EN LA LLANURA DE LOS DIOSES
“Entré andando al parque Karl Marx y me dirigí a la
anónima plazoleta que antes había llevado el nombre de Lenin. Un busto de Marx,
envuelto en un remolino de pelo y barba, con las escarpadas cejas de un señor
de la guerra mongol, resplandecía aún en el camino. Alguien había puesto a sus
pies un clavel rojo. Más allá, en el camino, se alineaban puestos de skashlik y arroz pilaf que apenas vendía
nada y restaurantes vacíos que en Moscú hubieran estado abarrotados.
Crucé el canal rellenado que había dividido la ciudad
zarista de la nativa y entré en el vacío que en otro tiempo constituyera la
plaza más grande de la Unión Soviética. Caía una fina llovizna. Más que una
plaza parecía una llanura informe salpicada de monumentos, ministerios y
jardines empequeñecidos y seccionada por calles. En el extremo más lejano
apenas se divisaba una pareja nupcial que rodeaba la tumba al soldado
desconocido. Sólo el mismo dios, el Lenin de bronce mayor del mundo, amenazador
desde su plataforma de quince metros de altura, tras regimientos de fuentes,
intentaba dominar aquella tremenda extensión. Pero sus gestos no tenían
sentido. Todo el mundo sabía ya que sus ojos entrecerrados miraban a la nada.
El rollo de papel que agarraba contenía un terrible error.
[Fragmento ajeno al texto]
lemma std_normal_cdf_le_1: "std_normal_cdf u \<le> 1"
proof -
  have "std_normal_cdf u \<le> (\<integral>x. std_normal_density x \<partial>lborel)"
    unfolding std_normal_cdf_def integral_upto_def
    using integrable_mult_indicator[of "{..u}" lborel std_normal_density]
    by (intro integral_mono) (auto split: split_indicator)
  then show ?thesis
    by simp
qed

lemma std_normal_cdf_measurable [measurable]: "std_normal_cdf \<in> borel_measurable borel"
proof -
  have "continuous_on UNIV std_normal_cdf"
    using has_real_derivative_std_normal_cdf[OF DERIV_ident]
    by (meson DERIV_isCont continuous_at_imp_continuous_on)
  then show ?thesis
    by (rule borel_measurable_continuous_onI)
qed

lemma eventually_std_normal_density_less_shifted:
  assumes "0 < d" "0 < c"
  shows "eventually (\<lambda>\<tau>. a * std_normal_density \<tau> < c * std_normal_density (\<tau> - d)) at_top"
  using assms unfolding std_normal_density_def by real_asymp

section \<open>Gaussian integrals of quadratics\<close>

definition gauss_quadratic :: "real \<Rightarrow> real \<Rightarrow> real \<Rightarrow> real \<Rightarrow> real" where
  "gauss_quadratic c0 c1 c2 z = (c0 + c1 * z + c2 * z\<^sup>2) * std_normal_density z"

definition gauss_quadratic_cdf :: "real \<Rightarrow> real \<Rightarrow> real \<Rightarrow> real \<Rightarrow> real" where
  "gauss_quadratic_cdf c0 c1 c2 u = (c0 + c2) * std_normal_cdf u - (c1 + c2 * u) * std_normal_density u"

lemma gauss_quadratic_measurable [measurable]: "gauss_quadratic c0 c1 c2 \<in> borel_measurable borel"
  unfolding gauss_quadratic_def[abs_def] by measurable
La superficie
asfaltada que había frente a él había sido marcada para el desfile de los
soldados del 1 de mayo, veintitrés días atrás, pero ahora la tribuna que había
a sus pies estaba vallada y llevaba el rótulo «Cerrado por obras».
--Pronto se lo llevarán –había dicho el conductor del
taxi--. Pero nadie sabe qué poner en su lugar.
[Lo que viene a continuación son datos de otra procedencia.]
lemma k_connected_le_card_attachments:
  assumes sym: "\<forall>x y. E x y \<longrightarrow> E y x"
    and conn: "k_connected K V E" and "S \<subseteq> V" and comp: "component_of (V - S) E C"
    and "x \<in> S" "x \<notin> attachments S E C"
  shows "K \<le> card (attachments S E C)"
proof (rule ccontr)
  let ?N = "attachments S E C"
  assume "\<not> K \<le> card ?N"
  moreover have "?N \<subseteq> V" using \<open>S \<subseteq> V\<close> by (auto simp: attachments_def)
  ultimately have "connected_on (V - ?N) E" using conn by (auto simp: k_connected_def)
  moreover obtain u where u: "u \<in> C" using comp by (auto simp: component_of_def)
  moreover have "u \<in> V - ?N" using u comp by (auto simp: component_of_def attachments_def)
  moreover have "x \<in> V - ?N" using assms(3,5,6) by blast
  ultimately obtain xs where xs: "path_in (V - ?N) E u x xs" by (auto simp: connected_on_def)
  moreover have "x \<notin> C" using comp assms(5) by (auto simp: component_of_def)
  ultimately obtain i where i: "Suc i < length xs" "xs ! i \<in> C" "xs ! Suc i \<notin> C"
    using list_leaves_set[of xs C] u by (auto simp: path_in_def is_path_def)
  define w where "w = xs ! Suc i"
  have "E (xs ! i) w" using xs i(1) by (simp add: w_def path_in_def is_path_def)
  have "w \<in> set xs" using i(1) by (simp add: w_def)
  then have "w \<in> V - ?N" using xs by (auto simp: path_in_def)
  show False
  proof (cases "w \<in> S")
    case True
    then show False using \<open>E (xs ! i) w\<close> \<open>w \<in> V - ?N\<close> i(2) sym by (auto simp: attachments_def)
  next
    case False
    have "connected_on (insert w C) E"
      using connected_on_insert[OF sym _ i(2) \<open>E (xs ! i) w\<close>] comp i(3)
      by (auto simp: w_def component_of_def)
    moreover have "insert w C \<subseteq> V - S" using comp False \<open>w \<in> V - ?N\<close> by (auto simp: component_of_def)
    ultimately show False using comp i(3) by (auto simp: w_def component_of_def)
  qed
qed

definition successors :: "'a list \<Rightarrow> 'a set \<Rightarrow> 'a set" where
  "successors xs N = {xs ! Suc i | i. Suc i < length xs \<and> xs ! i \<in> N}"

lemma card_le_Suc_card_successors:
  assumes "distinct xs" "N \<subseteq> set xs"
  shows "card N \<le> Suc (card (successors xs N))"
proof -
  define J where "J = {i. Suc i < length xs \<and> xs ! i \<in> N}"
  have "finite J" unfolding J_def by (rule finite_subset[of _ "{..<length xs}"]) auto
  have "successors xs N = (\<lambda>i. xs ! Suc i) ` J" by (auto simp: successors_def J_def)
  moreover have "inj_on (\<lambda>i. xs ! Suc i) J"
    using assms(1) by (auto simp: inj_on_def J_def nth_eq_iff_index_eq)
  ultimately have card_succ: "card (successors xs N) = card J" by (simp add: card_image)
  have "N \<subseteq> (!) xs ` insert (length xs - 1) J"
  proof
    fix x assume "x \<in> N"
    then obtain i where i: "i < length xs" "x = xs ! i" using assms(2) by (metis in_set_conv_nth subsetD)
    show "x \<in> (!) xs ` insert (length xs - 1) J"
    proof (cases "Suc i < length xs")
      case True
      then show ?thesis using i \<open>x \<in> N\<close> by (auto simp: J_def)
    next
      case False
      then have "i = length xs - 1" using i(1) by simp
      then show ?thesis using i(2) by blast
    qed
  qed
  then have "card N \<le> card ((!) xs ` insert (length xs - 1) J)"
    using \<open>finite J\<close> by (intro card_mono) auto
  also have "\<dots> \<le> card (insert (length xs - 1) J)" using \<open>finite J\<close> by (rule card_image_le[OF finite_insert[THEN iffD2]])
  also have "\<dots> \<le> Suc (card J)" using \<open>finite J\<close> by (simp add: card_insert_if)
  finally show ?thesis using card_succ by simp
qed

locale longest_path =
  fixes V :: "'a set" and E :: "'a \<Rightarrow> 'a \<Rightarrow> bool" and a b :: 'a and P :: "'a list"
  assumes graph: "simple_graph V E"
    and path: "path_in V E a b P"
    and longest: "\<forall>Q. path_in V E a b Q \<longrightarrow> length Q \<le> length P"
begin

lemma sym: "\<forall>x y. E x y \<longrightarrow> E y x"
  using graph by (simp add: simple_graph_def)

lemma no_longer_path:
  assumes "is_path E R" "set R \<subseteq> V" "hd R = a" "last R = b"
  shows "length R \<le> length P"
  using assms longest by (simp add: path_in_def)

context
  fixes C assumes C: "C \<subseteq> V - set P" "connected_on C E"
begin

lemma attachments_not_consecutive:
  assumes "Suc i < length P" "P ! i \<in> attachments (set P) E C"
  shows "P ! Suc i \<notin> attachments (set P) E C"
proof
  assume "P ! Suc i \<in> attachments (set P) E C"
  with assms(2) obtain h1 h2 where h: "h1 \<in> C" "h2 \<in> C" "E (P ! i) h1" "E (P ! Suc i) h2"
    by (auto simp: attachments_def)
  then obtain Q where Q: "path_in C E h1 h2 Q" using C(2) by (auto simp: connected_on_def)
  let ?R = "take (Suc i) P @ Q @ drop (Suc i) P"
  have "is_path E ?R"
  proof (rule is_path_splice)
    show "is_path E (take (Suc i) P @ drop (Suc i) P)" using path by (simp add: path_in_def)
    show "set Q \<inter> set (take (Suc i) P @ drop (Suc i) P) = {}" using Q C(1) by (auto simp: path_in_def)
  qed (use Q h sym assms(1) in \<open>auto simp: path_in_def take_Suc_conv_app_nth hd_drop_conv_nth\<close>)
  moreover have "set ?R \<subseteq> V" "hd ?R = a" "last ?R = b"
    using path Q C(1) assms(1) by (auto simp: path_in_def hd_append dest: in_set_takeD in_set_dropD)
  ultimately have "length ?R \<le> length P" by (rule no_longer_path)
  then show False using Q assms(1) by (simp add: path_in_def is_path_def)
qed

lemma attachment_successors_nonadjacent:
  assumes "i < j" "Suc j < length P"
    and "P ! i \<in> attachments (set P) E C" "P ! j \<in> attachments (set P) E C"
  shows "\<not> E (P ! Suc i) (P ! Suc j)"
proof
  assume "E (P ! Suc i) (P ! Suc j)"
  from assms(3,4) obtain h1 h2 where h: "h1 \<in> C" "h2 \<in> C" "E (P ! i) h1" "E (P ! j) h2"
    by (auto simp: attachments_def)
  then obtain Q where Q: "path_in C E h1 h2 Q" using C(2) by (auto simp: connected_on_def)
  define M where "M = drop (Suc i) (take (Suc j) P)"
  have "take (Suc i) (take (Suc j) P) = take (Suc i) P" using assms(1) by simp
  then have split: "P = take (Suc i) P @ M @ drop (Suc j) P"
    unfolding M_def by (metis append.assoc append_take_drop_id)
  have M: "M \<noteq> []" "hd M = P ! Suc i" "last M = P ! j"
    using assms(1,2) by (auto simp: M_def hd_drop_conv_nth last_conv_nth)
  let ?R = "take (Suc i) P @ Q @ rev M @ drop (Suc j) P"
  have "is_path E ?R"
  proof (rule is_path_splice_rev[OF sym])
    show "is_path E (take (Suc i) P @ M @ drop (Suc j) P)" using path split by (simp add: path_in_def)
    show "set Q \<inter> set (take (Suc i) P @ M @ drop (Suc j) P) = {}"
      using Q C(1) split by (auto simp: path_in_def)
  qed (use Q h M sym assms(1,2) \<open>E (P ! Suc i) (P ! Suc j)\<close> in
      \<open>auto simp: path_in_def take_Suc_conv_app_nth hd_drop_conv_nth\<close>)
  moreover have "set ?R \<subseteq> V"
    using path Q C(1) arg_cong[OF split, of set] by (auto simp: path_in_def)
  moreover have "hd ?R = a" "last ?R = b" using path assms(1,2) by (auto simp: path_in_def hd_append)
  ultimately have "length ?R \<le> length P" by (rule no_longer_path)
  moreover have "length ?R = length P + length Q" using arg_cong[OF split, of length] by simp
  ultimately have "length Q = 0" by linarith
  then show False using Q by (simp add: path_in_def is_path_def)
qed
Un hombre yacía entre los rosales cercanos y la lluvia le
caía en la cara. Me pregunté si estaría enfermo, pero cuando me incliné hacia
él, sólo murmuró:
--Camarada… --Y volvió a cerrar los ojos, borracho.
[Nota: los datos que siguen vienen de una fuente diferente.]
(* For each $\varepsilon>0$ there exists $y_0=y_0(\varepsilon)>2$ such that for every $y\in[2,y_0]$ and every $R>2$, the function $x\mapsto g_R(x,y)\,x^{-\varepsilon}$ is non-increasing on $(0,\infty)$.
   Context: Let $\xi$ be a nondecreasing $C^2$ function on $[0,\infty)$ with $\xi(x)=(x-1)^3\vee0$ for $x\in[0,3/2]$ and $\xi(x)=1$ for $x\ge2$. For $x\ge0$, $y\ge2$: $\zeta(x,y)=2x+(yx^{y-1}-2x)\xi(x)$. For $R>2$: $g_R(x,y)=\sqrt{(\partial_x\zeta)(x\wedge R,y)}$. *)

theory Defs
  imports "HOL-Analysis.Analysis"
begin

definition C2_on :: "real set \<Rightarrow> (real \<Rightarrow> real) \<Rightarrow> bool" where
  "C2_on S f \<longleftrightarrow> (\<exists>f' f''.
      (\<forall>x\<in>S. (f has_real_derivative f' x) (at x within S)) \<and>
      (\<forall>x\<in>S. (f' has_real_derivative f'' x) (at x within S)) \<and>
      continuous_on S f'')"

definition admissible_xi :: "(real \<Rightarrow> real) \<Rightarrow> bool" where
  "admissible_xi \<xi> \<longleftrightarrow> mono_on {0..} \<xi> \<and> C2_on {0..} \<xi> \<and>
     (\<forall>x\<in>{0..3/2}. \<xi> x = max ((x - 1)^3) 0) \<and>
     (\<forall>x\<ge>2. \<xi> x = 1)"

definition zeta :: "(real \<Rightarrow> real) \<Rightarrow> real \<Rightarrow> real \<Rightarrow> real" where
  "zeta \<xi> x y = 2 * x + (y * x powr (y - 1) - 2 * x) * \<xi> x"

definition dzeta :: "(real \<Rightarrow> real) \<Rightarrow> real \<Rightarrow> real \<Rightarrow> real" where
  "dzeta \<xi> x y = deriv (\<lambda>t. zeta \<xi> t y) x"

definition gR :: "(real \<Rightarrow> real) \<Rightarrow> real \<Rightarrow> real \<Rightarrow> real \<Rightarrow> real" where
  "gR \<xi> R x y = sqrt (dzeta \<xi> (min x R) y)"

end

theory Submission
  imports Defs
begin

(* Write h = \<partial>\<^sub>x\<zeta>(\<cdot>, y), so that g = sqrt h, and note that sqrt h(x) x^(-\<epsilon>) decreases wherever
   x h'(x) \<le> 2\<epsilon> h(x).  On (0,1] the cutoff vanishes and h = 2; on [2,\<infinity>) it is 1 and
   h = y(y-1)x^(y-2), for which the condition reads y - 2 \<le> 2\<epsilon>.  On [1,2] every coefficient
   of \<xi>, \<xi>', \<xi>'' in h - 2 and in h' is O(y - 2), so for y close to 2 we get h \<ge> 1 and h' \<le> \<epsilon>,
   which again gives the condition.  Freezing x at R only replaces h by a positive constant
   beyond R. *)

lemma antimono_on_sqrt_mult_powr:
  fixes h h' :: "real \<Rightarrow> real" and S :: "real set"
  assumes "connected S" and "S \<subseteq> {0<..}"
    and deriv: "\<And>x. x \<in> S \<Longrightarrow> (h has_real_derivative h' x) (at x)"
    and slope: "\<And>x. x \<in> S \<Longrightarrow> x * h' x \<le> 2 * \<epsilon> * h x"
  shows "antimono_on S (\<lambda>x. sqrt (h x) * x powr - \<epsilon>)"
proof (rule monotone_onI)
  fix x1 x2 assume x: "x1 \<in> S" "x2 \<in> S" "x1 \<le> x2"
  have Icc: "{x1..x2} \<subseteq> S" using connected_contains_Icc[OF assms(1) x(1,2)] .
  have "h x2 * x2 powr (-2*\<epsilon>) \<le> h x1 * x1 powr (-2*\<epsilon>)"
  proof (rule DERIV_nonpos_imp_nonincreasing[OF x(3)])
    fix x assume "x1 \<le> x" "x \<le> x2"
    with Icc assms(2) have xS: "x \<in> S" and pos: "0 < x" by auto
    have "((\<lambda>x. h x * x powr (-2*\<epsilon>)) has_real_derivative
        h' x * x powr (-2*\<epsilon>) + h x * (-2*\<epsilon> * x powr (-2*\<epsilon> - 1))) (at x)"
      using pos deriv[OF xS] by (auto intro!: derivative_eq_intros)
    moreover have "h' x * x powr (-2*\<epsilon>) + h x * (-2*\<epsilon> * x powr (-2*\<epsilon> - 1))
        = x powr (-2*\<epsilon> - 1) * (x * h' x - 2 * \<epsilon> * h x)"
    proof -
      have "x powr (-2*\<epsilon>) = x * x powr (-2*\<epsilon> - 1)"
        using pos by (simp add: powr_mult_base)
      then show ?thesis by (simp add: algebra_simps)
    qed
    moreover have "x powr (-2*\<epsilon> - 1) * (x * h' x - 2 * \<epsilon> * h x) \<le> 0"
      using slope[OF xS] by (simp add: mult_nonneg_nonpos)
    ultimately show "\<exists>y. ((\<lambda>x. h x * x powr (-2*\<epsilon>)) has_real_derivative y) (at x) \<and> y \<le> 0"
      by auto
  qed
  then have "sqrt (h x2 * x2 powr (-2*\<epsilon>)) \<le> sqrt (h x1 * x1 powr (-2*\<epsilon>))"
    by (rule real_sqrt_le_mono)
  \<comment> \<open>no sign condition on \<open>h\<close> is needed: \<open>sqrt\<close> is odd on the reals and multiplicative\<close>
  moreover have sqrt_eq: "sqrt (h x * x powr (-2*\<epsilon>)) = sqrt (h x) * x powr - \<epsilon>" for x
  proof -
    have "x powr (-2*\<epsilon>) = (x powr - \<epsilon>)\<^sup>2"
      by (simp add: power2_eq_square powr_add[symmetric])
    then show ?thesis by (simp add: real_sqrt_mult)
  qed
  ultimately show "sqrt (h x2) * x2 powr - \<epsilon> \<le> sqrt (h x1) * x1 powr - \<epsilon>"
    by (simp only: sqrt_eq)
qed

lemma antimono_on_Un_adjacent:
  fixes f :: "'a::linorder \<Rightarrow> 'b::order"
  assumes "antimono_on S f" "antimono_on T f" "b \<in> S" "b \<in> T"
    and "\<And>x. x \<in> S \<Longrightarrow> x \<le> b" "\<And>x. x \<in> T \<Longrightarrow> b \<le> x"
  shows "antimono_on (S \<union> T) f"
proof (rule monotone_onI)
  have left: "x \<in> S" if "x \<in> S \<union> T" "x \<le> b" for x
    using that assms(3,6) by (metis Un_iff order.antisym)
  have right: "x \<in> T" if "x \<in> S \<union> T" "b \<le> x" for x
    using that assms(4,5) by (metis Un_iff order.antisym)
  fix x1 x2 assume x: "x1 \<in> S \<union> T" "x2 \<in> S \<union> T" "x1 \<le> x2"
  consider "x2 \<le> b" | "b \<le> x1" | "x1 \<le> b" "b \<le> x2" by (meson le_cases)
  then show "f x2 \<le> f x1"
  proof cases
    case 1 then show ?thesis using x left[of x1] left[of x2] monotone_onD[OF assms(1)] by simp
  next
    case 2 then show ?thesis using x right[of x1] right[of x2] monotone_onD[OF assms(2)] by simp
  next
    case 3
    have "f x2 \<le> f b"
      using monotone_onD[OF assms(2) assms(4) right[OF x(2) 3(2)] 3(2)] by simp
    also have "f b \<le> f x1"
      using monotone_onD[OF assms(1) left[OF x(1) 3(1)] assms(3) 3(1)] by simp
    finally show ?thesis .
  qed
qed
Me senté en un banco bajo los árboles mientras la lluvia
arreciaba alrededor de la inmensa estatua. En la inexpresiva plaza todas las
certidumbres se habían desvanecido. Estaba más vacía que nunca. Unas mujeres
sorteaban los charcos bajo brillantes paraguas y un policía leía un periódico
mojado. Me subí el cuello para protegerme de las inclemencias del tiempo
mientras la lluvia empezaba a caer sobre mí desde las copas de los árboles de
modo constante e inexorable.
Un mes después la estatua de Lenin había desaparecido de
allí.
Colin Thubron. El corazón perdido de Asia. Ediciones Península.